→ Exercise
Only the lines from the start of the entries through the line with "using W1(4)[OF W0(1,5)]" are wanted; please output them exactly.

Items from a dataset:

╭──

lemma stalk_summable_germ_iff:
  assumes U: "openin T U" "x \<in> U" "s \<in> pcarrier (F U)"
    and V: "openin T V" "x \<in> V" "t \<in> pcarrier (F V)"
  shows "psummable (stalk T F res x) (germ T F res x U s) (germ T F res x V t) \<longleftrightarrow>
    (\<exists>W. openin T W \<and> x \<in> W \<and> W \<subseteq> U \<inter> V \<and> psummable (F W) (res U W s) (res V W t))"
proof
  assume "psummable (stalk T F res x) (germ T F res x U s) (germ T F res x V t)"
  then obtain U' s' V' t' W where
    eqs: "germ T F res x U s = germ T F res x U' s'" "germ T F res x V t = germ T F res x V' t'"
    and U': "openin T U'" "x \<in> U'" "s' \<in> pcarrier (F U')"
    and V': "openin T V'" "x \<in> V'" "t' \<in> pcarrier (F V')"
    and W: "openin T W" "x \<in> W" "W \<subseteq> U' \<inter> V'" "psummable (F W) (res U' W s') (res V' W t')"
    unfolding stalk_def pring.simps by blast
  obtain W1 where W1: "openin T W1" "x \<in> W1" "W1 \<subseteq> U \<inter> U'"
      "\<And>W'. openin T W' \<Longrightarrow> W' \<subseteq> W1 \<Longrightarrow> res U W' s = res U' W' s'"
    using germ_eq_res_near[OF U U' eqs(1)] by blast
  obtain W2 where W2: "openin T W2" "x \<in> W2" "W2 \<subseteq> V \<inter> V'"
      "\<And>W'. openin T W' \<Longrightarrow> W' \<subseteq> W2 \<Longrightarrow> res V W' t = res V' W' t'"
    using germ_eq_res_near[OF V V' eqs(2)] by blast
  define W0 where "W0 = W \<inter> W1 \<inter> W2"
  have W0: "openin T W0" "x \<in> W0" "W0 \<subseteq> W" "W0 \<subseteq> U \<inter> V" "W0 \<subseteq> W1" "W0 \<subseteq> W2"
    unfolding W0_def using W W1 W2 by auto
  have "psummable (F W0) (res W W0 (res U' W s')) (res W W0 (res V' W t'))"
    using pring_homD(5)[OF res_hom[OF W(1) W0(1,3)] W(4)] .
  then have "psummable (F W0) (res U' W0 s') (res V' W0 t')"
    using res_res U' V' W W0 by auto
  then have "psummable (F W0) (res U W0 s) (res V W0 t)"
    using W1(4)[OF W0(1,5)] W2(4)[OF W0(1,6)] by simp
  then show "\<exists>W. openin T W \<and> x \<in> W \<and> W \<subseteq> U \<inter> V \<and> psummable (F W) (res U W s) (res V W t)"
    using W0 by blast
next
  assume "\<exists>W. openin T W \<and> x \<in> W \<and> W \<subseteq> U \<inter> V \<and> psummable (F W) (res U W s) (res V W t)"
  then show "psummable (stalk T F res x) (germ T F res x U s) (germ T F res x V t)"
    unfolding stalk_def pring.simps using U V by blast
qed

╰──

→ Answer to the problem
lemma stalk_summable_germ_iff:
  assumes U: "openin T U" "x \<in> U" "s \<in> pcarrier (F U)"
    and V: "openin T V" "x \<in> V" "t \<in> pcarrier (F V)"
  shows "psummable (stalk T F res x) (germ T F res x U s) (germ T F res x V t) \<longleftrightarrow>
    (\<exists>W. openin T W \<and> x \<in> W \<and> W \<subseteq> U \<inter> V \<and> psummable (F W) (res U W s) (res V W t))"
proof
  assume "psummable (stalk T F res x) (germ T F res x U s) (germ T F res x V t)"
  then obtain U' s' V' t' W where
    eqs: "germ T F res x U s = germ T F res x U' s'" "germ T F res x V t = germ T F res x V' t'"
    and U': "openin T U'" "x \<in> U'" "s' \<in> pcarrier (F U')"
    and V': "openin T V'" "x \<in> V'" "t' \<in> pcarrier (F V')"
    and W: "openin T W" "x \<in> W" "W \<subseteq> U' \<inter> V'" "psummable (F W) (res U' W s') (res V' W t')"
    unfolding stalk_def pring.simps by blast
  obtain W1 where W1: "openin T W1" "x \<in> W1" "W1 \<subseteq> U \<inter> U'"
      "\<And>W'. openin T W' \<Longrightarrow> W' \<subseteq> W1 \<Longrightarrow> res U W' s = res U' W' s'"
    using germ_eq_res_near[OF U U' eqs(1)] by blast
  obtain W2 where W2: "openin T W2" "x \<in> W2" "W2 \<subseteq> V \<inter> V'"
      "\<And>W'. openin T W' \<Longrightarrow> W' \<subseteq> W2 \<Longrightarrow> res V W' t = res V' W' t'"
    using germ_eq_res_near[OF V V' eqs(2)] by blast
  define W0 where "W0 = W \<inter> W1 \<inter> W2"
  have W0: "openin T W0" "x \<in> W0" "W0 \<subseteq> W" "W0 \<subseteq> U \<inter> V" "W0 \<subseteq> W1" "W0 \<subseteq> W2"
    unfolding W0_def using W W1 W2 by auto
  have "psummable (F W0) (res W W0 (res U' W s')) (res W W0 (res V' W t'))"
    using pring_homD(5)[OF res_hom[OF W(1) W0(1,3)] W(4)] .
  then have "psummable (F W0) (res U' W0 s') (res V' W0 t')"
    using res_res U' V' W W0 by auto
  then have "psummable (F W0) (res U W0 s) (res V W0 t)"
    using W1(4)[OF W0(1,5)] W2(4)[OF W0(1,6)] by simp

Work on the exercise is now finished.